Литмир - Электронная Библиотека

– Где Синрик? – быстро спросила Эйлан. Ее голос прозвучал едва слышно. Жив ли ее молочный брат? – Что ему нужно от нас?

Мужчина безнадежно пожал плечами.

– Синрик? Скорее всего, где-нибудь в бегах. Сюда, возможно, скоро начнет прибывать много таких, как я. Чтобы залечить раны.

Эйлан кивнула.

– За кухней ты увидишь тропинку, убегающую в лес. Она ведет к хижине, где наши женщины иногда уединяются, чтобы поразмышлять в тишине. Иди туда. Там ты можешь спать спокойно. Поесть тебе принесут. – Мужчина понуро сгорбился, и Эйлан засомневалась, что у него хватит сил добрести до лесного домика.

– Да хранят тебя боги за твою доброту. – Он тяжело поднялся с колен, поклонился образу Владычицы и затем тихо, почти беззвучно, удалился.

После его ухода Эйлан долго сидела у ключа, прислушиваясь к плеску воды и наблюдая за мерцанием светильника, отбрасывавшего на стены причудливые блики.

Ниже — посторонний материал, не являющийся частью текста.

lemma property_P_if_unit_pair_and_power_cols:
  fixes \<xi> :: "'a::{field,finite}"
  assumes gen: "\<xi> \<noteq> 0" "\<forall>x::'a. x \<noteq> 0 \<longrightarrow> (\<exists>k::nat. x = \<xi> ^ k)"
    and t: "t \<ge> 2"
    and units: "\<And>i. i < t \<Longrightarrow> unit_vec i \<in> set cols"
    and pairs: "\<And>a b l. a < b \<Longrightarrow> b < t \<Longrightarrow> l \<noteq> 0 \<Longrightarrow> pair_col a b l \<in> set cols"
    and powers: "\<And>j. 1 \<le> j \<Longrightarrow> j < card (UNIV :: 'a set) - 1 \<Longrightarrow> (\<lambda>k. \<xi> ^ j * unit_vec 0 k) \<in> set cols"
  shows "property_P (gen_code t cols)"
  unfolding property_P_def gen_code_def
proof clarify
  fix m
  assume "supp (codeword t cols m) \<noteq> {}"
  then obtain i where i: "i < t" "m i \<noteq> 0"
    by (rule nonzero_coordinate_if_supp_codeword)
  have "dot t m ` set cols = UNIV"
  proof (cases "\<exists>j<t. j \<noteq> i \<and> m j \<noteq> 0")
    case True
    then obtain j where j: "j < t" "j \<noteq> i" "m j \<noteq> 0" by blast
    show ?thesis
      using dot_image_UNIV_if_two_nonzero[OF units pairs, where a = "min i j" and b = "max i j" and m = m] i j
      by (auto simp: min_def max_def)
  next
    case False
    then show ?thesis
      using dot_image_UNIV_if_single_nonzero[OF gen t units pairs powers, where m = m] i by blast
  qed
  then show "set (codeword t cols m) = UNIV"
    by (simp add: set_codeword)
qed

lemma card_ordered_pairs_below: "card {(i, j). i < j \<and> j < (t::nat)} = t choose 2"
proof (induction t)
  case (Suc t)
  let ?P = "{(i, j). i < j \<and> j < t}"
  have "finite ?P"
    by (rule finite_subset[of _ "{..<t} \<times> {..<t}"]) auto
  have "{(i, j). i < j \<and> j < Suc t} = ?P \<union> (\<lambda>i. (i, t)) ` {..<t}"
    by auto
  also have "card \<dots> = card ?P + card ((\<lambda>i. (i, t)) ` {..<t})"
    using \<open>finite ?P\<close> by (intro card_Un_disjoint) auto
  also have "card ((\<lambda>i. (i, t)) ` {..<t}) = t"
    by (simp add: card_image inj_on_def)
  finally show ?case
    using Suc by (simp add: numeral_2_eq_2)
qed simp

lemma pair_col_support:
  "i < j \<Longrightarrow> l \<noteq> 0 \<Longrightarrow> {k. pair_col i j l k \<noteq> 0} = {i, j}"
  by (auto simp: pair_col_def unit_vec_def)

lemma pair_col_inject:
  fixes l l' :: "'a::field"
  assumes "i < j" "i' < j'" "l \<noteq> 0" "l' \<noteq> 0" and eq: "pair_col i j l = pair_col i' j' l'"
  shows "i = i' \<and> j = j' \<and> l = l'"
proof -
  have "{i, j} = {i', j'}"
    using pair_col_support[OF assms(1,3)] pair_col_support[OF assms(2,4)] eq by simp
  then have "i = i'" "j = j'"
    using assms(1,2) by (auto simp: doubleton_eq_iff)
  moreover have "pair_col i j l j = l" "pair_col i' j' l' j' = l'"
    using assms(1,2) by (simp_all add: pair_col_def unit_vec_def)
  ultimately show ?thesis
    using eq by metis
qed

lemma card_B_col_set:
  "card (B_col_set t :: (nat \<Rightarrow> 'a::{field,finite}) set) = (t choose 2) * (card (UNIV :: 'a set) - 1)"
proof -
  define P where "P = {(i, j). i < j \<and> j < t}"
  let ?g = "\<lambda>((i, j), l::'a). pair_col i j l"
  have "B_col_set t = ?g ` (P \<times> (UNIV - {0}))"
  proof (intro equalityI subsetI)
    fix v :: "nat \<Rightarrow> 'a" assume "v \<in> B_col_set t"
    then obtain i j l where "v = pair_col i j l" "i < j" "j < t" "l \<noteq> 0"
      by (auto simp: B_col_set_def pair_col_def)
    then show "v \<in> ?g ` (P \<times> (UNIV - {0}))"
      by (intro image_eqI[of _ _ "((i, j), l)"]) (auto simp: P_def)
  qed (auto simp: B_col_set_def P_def pair_col_def)
  moreover have "inj_on ?g (P \<times> (UNIV - {0}))"
  proof (rule inj_onI)
    fix x y assume "x \<in> P \<times> (UNIV - {0})" "y \<in> P \<times> (UNIV - {0})" "?g x = ?g y"
    moreover obtain i j l i' j' l' where "x = ((i, j), l)" "y = ((i', j'), l')"
      by (metis prod.exhaust)
    ultimately show "x = y"
      using pair_col_inject[of i j i' j' l l'] by (simp add: P_def)
  qed
  moreover have "card P = t choose 2"
    by (simp add: P_def card_ordered_pairs_below)
  ultimately show ?thesis
    by (simp add: card_image card_cartesian_product card_Diff_subset)
qed

lemma unit_vec_in_A'_cols: "i < t \<Longrightarrow> unit_vec i \<in> set (A'_cols t B \<xi>)"
  by (simp add: A'_cols_def)

lemma pair_col_in_A'_cols:
  "set B = B_col_set t \<Longrightarrow> a < b \<Longrightarrow> b < t \<Longrightarrow> l \<noteq> 0 \<Longrightarrow> pair_col a b l \<in> set (A'_cols t B \<xi>)"
  unfolding A'_cols_def B_col_set_def pair_col_def by auto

«Великая Богиня, – молилась она, – пожалей изгнанников; прояви к нам милосердие! Через месяц праздник летнего солнцестояния. Арданос будет настаивать, чтобы я посоветовала людям смириться, покорно принять и этот удар. А отец хочет, чтобы они восстали и отомстили за Воронов огнем и кровью. Что мне сказать народу? Научи, как принести мир на эту землю?»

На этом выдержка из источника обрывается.